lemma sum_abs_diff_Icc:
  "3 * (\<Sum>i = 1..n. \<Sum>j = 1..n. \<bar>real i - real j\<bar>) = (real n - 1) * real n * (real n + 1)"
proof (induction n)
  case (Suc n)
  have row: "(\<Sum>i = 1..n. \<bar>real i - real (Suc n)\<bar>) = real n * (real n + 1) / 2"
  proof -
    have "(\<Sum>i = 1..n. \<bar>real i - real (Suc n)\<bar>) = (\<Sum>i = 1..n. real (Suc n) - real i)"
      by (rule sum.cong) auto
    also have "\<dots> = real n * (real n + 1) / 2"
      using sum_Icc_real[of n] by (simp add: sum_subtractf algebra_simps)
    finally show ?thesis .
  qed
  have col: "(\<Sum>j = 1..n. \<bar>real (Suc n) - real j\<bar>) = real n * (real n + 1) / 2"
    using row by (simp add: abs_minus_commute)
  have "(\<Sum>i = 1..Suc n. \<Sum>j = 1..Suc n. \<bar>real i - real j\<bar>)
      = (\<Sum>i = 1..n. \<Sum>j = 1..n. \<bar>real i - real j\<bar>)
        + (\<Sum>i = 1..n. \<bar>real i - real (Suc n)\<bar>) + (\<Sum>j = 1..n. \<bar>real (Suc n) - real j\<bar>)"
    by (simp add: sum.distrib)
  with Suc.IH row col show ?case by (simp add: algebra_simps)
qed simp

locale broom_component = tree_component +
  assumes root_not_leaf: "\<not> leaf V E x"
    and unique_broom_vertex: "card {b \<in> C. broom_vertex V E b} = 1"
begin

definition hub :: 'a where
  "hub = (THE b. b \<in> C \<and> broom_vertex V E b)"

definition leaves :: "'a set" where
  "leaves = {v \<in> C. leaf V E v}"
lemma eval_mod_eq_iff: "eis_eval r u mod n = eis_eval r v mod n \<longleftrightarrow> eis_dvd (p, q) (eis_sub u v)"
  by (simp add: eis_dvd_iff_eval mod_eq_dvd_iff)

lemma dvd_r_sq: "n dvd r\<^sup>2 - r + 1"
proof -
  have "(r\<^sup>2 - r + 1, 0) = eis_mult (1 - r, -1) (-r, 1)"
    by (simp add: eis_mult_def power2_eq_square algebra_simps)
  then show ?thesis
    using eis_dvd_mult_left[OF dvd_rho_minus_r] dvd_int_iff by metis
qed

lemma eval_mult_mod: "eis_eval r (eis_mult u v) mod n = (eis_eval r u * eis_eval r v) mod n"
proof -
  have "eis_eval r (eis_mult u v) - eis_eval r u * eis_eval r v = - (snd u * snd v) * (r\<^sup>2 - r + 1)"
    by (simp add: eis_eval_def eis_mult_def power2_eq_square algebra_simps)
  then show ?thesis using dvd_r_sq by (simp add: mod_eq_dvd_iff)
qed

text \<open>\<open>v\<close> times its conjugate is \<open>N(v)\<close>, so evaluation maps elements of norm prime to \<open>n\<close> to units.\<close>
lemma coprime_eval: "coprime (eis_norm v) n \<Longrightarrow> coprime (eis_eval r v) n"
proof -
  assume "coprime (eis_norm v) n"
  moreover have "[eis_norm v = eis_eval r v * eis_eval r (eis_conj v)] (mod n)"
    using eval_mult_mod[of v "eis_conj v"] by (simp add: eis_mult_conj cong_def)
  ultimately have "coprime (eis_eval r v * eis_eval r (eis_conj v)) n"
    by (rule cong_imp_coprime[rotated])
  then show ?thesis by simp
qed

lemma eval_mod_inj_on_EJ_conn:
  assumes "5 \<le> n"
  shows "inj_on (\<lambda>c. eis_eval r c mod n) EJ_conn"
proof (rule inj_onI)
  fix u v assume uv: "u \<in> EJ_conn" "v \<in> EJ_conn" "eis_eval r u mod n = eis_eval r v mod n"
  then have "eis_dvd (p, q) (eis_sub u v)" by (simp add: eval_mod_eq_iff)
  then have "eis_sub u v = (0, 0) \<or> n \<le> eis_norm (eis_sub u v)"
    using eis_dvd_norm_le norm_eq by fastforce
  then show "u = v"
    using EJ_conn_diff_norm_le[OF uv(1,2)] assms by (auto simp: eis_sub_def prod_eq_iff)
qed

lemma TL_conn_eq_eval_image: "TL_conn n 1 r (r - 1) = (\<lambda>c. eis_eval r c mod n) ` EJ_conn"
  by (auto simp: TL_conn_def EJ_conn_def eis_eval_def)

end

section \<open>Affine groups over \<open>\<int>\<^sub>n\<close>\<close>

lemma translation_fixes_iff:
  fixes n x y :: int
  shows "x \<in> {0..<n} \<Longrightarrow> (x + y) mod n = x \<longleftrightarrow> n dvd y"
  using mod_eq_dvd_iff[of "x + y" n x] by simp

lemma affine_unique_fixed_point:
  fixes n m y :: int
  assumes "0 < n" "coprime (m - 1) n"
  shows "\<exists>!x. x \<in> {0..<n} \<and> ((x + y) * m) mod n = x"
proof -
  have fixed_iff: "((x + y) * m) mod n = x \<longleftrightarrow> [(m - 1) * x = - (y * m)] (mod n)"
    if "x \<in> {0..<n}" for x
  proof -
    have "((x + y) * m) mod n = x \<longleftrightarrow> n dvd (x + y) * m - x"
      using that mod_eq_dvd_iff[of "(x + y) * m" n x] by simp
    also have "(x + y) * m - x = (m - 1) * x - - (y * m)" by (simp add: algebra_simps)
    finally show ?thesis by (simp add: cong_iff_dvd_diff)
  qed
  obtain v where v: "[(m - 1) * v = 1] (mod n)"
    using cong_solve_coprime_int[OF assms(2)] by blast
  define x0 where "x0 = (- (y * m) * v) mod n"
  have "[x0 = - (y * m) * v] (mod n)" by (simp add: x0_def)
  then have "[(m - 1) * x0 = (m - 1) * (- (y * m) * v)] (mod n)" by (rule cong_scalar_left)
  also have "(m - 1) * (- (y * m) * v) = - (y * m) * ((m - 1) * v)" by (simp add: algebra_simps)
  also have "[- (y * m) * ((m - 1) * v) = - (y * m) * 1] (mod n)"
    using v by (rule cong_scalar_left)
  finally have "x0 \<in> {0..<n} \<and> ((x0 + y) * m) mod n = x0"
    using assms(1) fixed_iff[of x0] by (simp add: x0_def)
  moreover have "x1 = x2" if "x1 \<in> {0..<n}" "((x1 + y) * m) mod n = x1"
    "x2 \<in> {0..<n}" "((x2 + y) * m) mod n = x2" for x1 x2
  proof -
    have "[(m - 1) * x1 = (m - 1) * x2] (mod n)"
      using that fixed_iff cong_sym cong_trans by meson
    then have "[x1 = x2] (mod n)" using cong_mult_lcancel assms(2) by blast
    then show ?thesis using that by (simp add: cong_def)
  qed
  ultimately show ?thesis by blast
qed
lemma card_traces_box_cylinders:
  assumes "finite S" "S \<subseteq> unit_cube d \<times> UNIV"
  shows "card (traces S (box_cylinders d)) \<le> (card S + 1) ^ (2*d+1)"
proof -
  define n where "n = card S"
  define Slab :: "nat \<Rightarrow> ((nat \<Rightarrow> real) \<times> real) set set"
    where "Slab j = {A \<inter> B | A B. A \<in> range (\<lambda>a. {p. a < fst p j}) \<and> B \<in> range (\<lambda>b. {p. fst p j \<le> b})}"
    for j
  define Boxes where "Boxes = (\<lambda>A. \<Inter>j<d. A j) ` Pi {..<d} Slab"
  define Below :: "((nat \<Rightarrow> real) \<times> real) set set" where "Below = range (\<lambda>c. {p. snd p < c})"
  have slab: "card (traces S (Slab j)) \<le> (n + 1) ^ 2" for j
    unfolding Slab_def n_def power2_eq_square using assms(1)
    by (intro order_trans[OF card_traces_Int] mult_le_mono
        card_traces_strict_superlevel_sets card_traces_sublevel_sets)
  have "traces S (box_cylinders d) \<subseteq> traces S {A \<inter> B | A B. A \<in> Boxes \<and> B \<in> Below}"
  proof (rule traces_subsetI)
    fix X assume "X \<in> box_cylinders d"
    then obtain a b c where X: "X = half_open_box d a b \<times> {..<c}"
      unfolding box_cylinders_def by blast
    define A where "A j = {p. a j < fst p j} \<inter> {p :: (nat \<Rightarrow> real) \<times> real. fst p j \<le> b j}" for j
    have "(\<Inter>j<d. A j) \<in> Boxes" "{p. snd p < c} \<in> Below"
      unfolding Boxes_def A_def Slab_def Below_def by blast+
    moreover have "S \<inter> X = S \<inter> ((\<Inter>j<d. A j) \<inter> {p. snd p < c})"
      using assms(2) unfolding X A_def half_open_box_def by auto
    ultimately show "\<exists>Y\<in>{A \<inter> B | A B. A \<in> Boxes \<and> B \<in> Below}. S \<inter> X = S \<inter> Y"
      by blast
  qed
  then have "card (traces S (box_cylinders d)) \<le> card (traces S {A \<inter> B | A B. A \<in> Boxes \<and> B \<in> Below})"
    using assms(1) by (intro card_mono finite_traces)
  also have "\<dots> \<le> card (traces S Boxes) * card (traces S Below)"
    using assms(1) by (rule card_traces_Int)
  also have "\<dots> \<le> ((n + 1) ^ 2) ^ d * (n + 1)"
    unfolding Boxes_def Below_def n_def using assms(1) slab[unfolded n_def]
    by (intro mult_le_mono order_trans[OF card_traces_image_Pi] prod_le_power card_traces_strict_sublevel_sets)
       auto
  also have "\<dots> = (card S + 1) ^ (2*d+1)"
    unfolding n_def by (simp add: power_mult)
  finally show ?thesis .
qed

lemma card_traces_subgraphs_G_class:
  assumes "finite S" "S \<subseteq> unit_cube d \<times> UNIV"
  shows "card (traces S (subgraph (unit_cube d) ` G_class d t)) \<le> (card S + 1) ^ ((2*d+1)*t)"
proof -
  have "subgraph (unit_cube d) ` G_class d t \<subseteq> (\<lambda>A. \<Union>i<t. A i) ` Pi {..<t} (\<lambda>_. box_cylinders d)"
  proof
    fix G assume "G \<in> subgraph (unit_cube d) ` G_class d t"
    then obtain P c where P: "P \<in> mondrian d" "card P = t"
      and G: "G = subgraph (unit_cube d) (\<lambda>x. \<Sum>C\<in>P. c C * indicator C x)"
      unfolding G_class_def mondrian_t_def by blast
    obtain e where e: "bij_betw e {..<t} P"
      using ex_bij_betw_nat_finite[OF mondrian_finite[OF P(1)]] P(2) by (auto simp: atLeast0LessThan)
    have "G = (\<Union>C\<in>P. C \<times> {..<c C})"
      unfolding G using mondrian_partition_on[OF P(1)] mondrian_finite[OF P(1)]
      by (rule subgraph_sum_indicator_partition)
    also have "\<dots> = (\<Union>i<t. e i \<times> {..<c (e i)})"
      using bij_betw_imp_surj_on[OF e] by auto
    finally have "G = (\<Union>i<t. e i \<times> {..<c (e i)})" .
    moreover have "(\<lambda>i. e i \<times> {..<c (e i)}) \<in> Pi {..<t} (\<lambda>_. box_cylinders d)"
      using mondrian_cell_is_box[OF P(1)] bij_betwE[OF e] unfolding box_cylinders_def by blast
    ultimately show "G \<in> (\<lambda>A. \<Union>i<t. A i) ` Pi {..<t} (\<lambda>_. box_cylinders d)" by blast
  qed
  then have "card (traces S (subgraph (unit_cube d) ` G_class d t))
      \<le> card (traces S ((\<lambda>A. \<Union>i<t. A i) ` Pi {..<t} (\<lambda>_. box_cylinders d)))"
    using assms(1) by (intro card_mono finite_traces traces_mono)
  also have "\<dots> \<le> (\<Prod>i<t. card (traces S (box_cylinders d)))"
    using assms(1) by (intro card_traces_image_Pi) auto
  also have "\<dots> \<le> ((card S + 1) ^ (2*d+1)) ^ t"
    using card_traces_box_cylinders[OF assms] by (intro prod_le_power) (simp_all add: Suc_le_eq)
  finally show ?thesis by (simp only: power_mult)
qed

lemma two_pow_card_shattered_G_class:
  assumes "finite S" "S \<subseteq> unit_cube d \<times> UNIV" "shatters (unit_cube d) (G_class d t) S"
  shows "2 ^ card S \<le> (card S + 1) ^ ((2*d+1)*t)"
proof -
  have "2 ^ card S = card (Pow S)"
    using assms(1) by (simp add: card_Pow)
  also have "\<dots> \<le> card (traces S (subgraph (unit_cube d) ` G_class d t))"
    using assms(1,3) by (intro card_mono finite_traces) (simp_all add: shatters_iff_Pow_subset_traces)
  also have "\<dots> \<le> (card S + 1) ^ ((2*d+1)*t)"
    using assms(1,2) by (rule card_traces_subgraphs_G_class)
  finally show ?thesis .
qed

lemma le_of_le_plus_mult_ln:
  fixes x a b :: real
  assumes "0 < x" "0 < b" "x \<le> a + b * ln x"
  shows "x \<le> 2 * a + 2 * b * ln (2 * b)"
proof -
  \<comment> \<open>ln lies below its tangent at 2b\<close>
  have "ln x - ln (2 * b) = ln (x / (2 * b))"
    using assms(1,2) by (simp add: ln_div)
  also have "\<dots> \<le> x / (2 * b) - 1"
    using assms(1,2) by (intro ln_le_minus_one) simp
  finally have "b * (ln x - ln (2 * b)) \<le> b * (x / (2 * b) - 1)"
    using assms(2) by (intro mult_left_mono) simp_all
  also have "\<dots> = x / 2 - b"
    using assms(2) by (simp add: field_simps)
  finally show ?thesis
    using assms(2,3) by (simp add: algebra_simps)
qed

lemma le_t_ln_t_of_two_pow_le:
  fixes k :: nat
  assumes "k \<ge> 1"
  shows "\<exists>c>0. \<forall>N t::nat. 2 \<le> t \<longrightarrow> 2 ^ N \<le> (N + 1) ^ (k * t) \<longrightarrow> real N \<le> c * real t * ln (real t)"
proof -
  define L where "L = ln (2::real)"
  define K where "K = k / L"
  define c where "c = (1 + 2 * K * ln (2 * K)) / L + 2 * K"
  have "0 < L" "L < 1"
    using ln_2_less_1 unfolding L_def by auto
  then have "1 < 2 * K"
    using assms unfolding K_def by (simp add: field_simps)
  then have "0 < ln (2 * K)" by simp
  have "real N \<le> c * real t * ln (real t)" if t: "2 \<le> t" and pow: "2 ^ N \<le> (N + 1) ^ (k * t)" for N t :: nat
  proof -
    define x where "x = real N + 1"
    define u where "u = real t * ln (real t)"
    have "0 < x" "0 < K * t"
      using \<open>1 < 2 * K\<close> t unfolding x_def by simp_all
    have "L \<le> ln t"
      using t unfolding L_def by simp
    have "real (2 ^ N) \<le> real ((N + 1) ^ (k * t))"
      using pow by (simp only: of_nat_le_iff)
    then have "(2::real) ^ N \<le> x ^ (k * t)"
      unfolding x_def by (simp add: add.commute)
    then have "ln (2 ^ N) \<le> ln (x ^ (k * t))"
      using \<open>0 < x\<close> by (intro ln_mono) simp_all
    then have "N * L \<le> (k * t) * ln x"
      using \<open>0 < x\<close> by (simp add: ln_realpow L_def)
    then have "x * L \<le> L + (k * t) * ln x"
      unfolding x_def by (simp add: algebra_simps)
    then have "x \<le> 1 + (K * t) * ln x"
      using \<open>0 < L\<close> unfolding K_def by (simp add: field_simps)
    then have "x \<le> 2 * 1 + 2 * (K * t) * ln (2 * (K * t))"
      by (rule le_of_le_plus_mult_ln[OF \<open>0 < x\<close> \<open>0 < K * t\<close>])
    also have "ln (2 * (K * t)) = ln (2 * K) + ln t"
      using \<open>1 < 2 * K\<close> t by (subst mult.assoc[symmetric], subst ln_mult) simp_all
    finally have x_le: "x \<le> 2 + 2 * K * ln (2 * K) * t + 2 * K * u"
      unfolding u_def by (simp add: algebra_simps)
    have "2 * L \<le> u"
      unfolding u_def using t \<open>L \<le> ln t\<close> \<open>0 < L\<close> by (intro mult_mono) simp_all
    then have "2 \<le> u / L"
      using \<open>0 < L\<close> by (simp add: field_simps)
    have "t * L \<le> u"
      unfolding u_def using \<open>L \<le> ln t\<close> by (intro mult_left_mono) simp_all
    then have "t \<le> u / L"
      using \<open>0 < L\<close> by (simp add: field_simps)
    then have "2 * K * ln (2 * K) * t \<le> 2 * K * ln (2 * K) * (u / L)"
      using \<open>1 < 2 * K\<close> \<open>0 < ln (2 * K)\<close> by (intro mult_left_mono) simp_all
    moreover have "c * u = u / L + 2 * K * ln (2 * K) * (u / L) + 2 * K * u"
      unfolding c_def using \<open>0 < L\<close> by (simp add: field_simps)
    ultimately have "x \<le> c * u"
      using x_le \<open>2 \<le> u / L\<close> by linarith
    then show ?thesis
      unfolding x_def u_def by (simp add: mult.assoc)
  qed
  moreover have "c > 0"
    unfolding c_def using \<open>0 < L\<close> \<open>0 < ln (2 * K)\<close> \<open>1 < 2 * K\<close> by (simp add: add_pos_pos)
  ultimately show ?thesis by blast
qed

-------------------------

■ Task objective: Word for word, restate the lines of the data above that fall between the line holding "define x where" and the line holding "using \<open>0 < L\<close> unfolding", inclusive, and no other lines.

■ Answer to the problem:
    define x where "x = real N + 1"
    define u where "u = real t * ln (real t)"
    have "0 < x" "0 < K * t"
      using \<open>1 < 2 * K\<close> t unfolding x_def by simp_all
    have "L \<le> ln t"
      using t unfolding L_def by simp
    have "real (2 ^ N) \<le> real ((N + 1) ^ (k * t))"
      using pow by (simp only: of_nat_le_iff)
    then have "(2::real) ^ N \<le> x ^ (k * t)"
      unfolding x_def by (simp add: add.commute)
    then have "ln (2 ^ N) \<le> ln (x ^ (k * t))"
      using \<open>0 < x\<close> by (intro ln_mono) simp_all
    then have "N * L \<le> (k * t) * ln x"
      using \<open>0 < x\<close> by (simp add: ln_realpow L_def)
    then have "x * L \<le> L + (k * t) * ln x"
      unfolding x_def by (simp add: algebra_simps)
    then have "x \<le> 1 + (K * t) * ln x"
      using \<open>0 < L\<close> unfolding K_def by (simp add: field_simps)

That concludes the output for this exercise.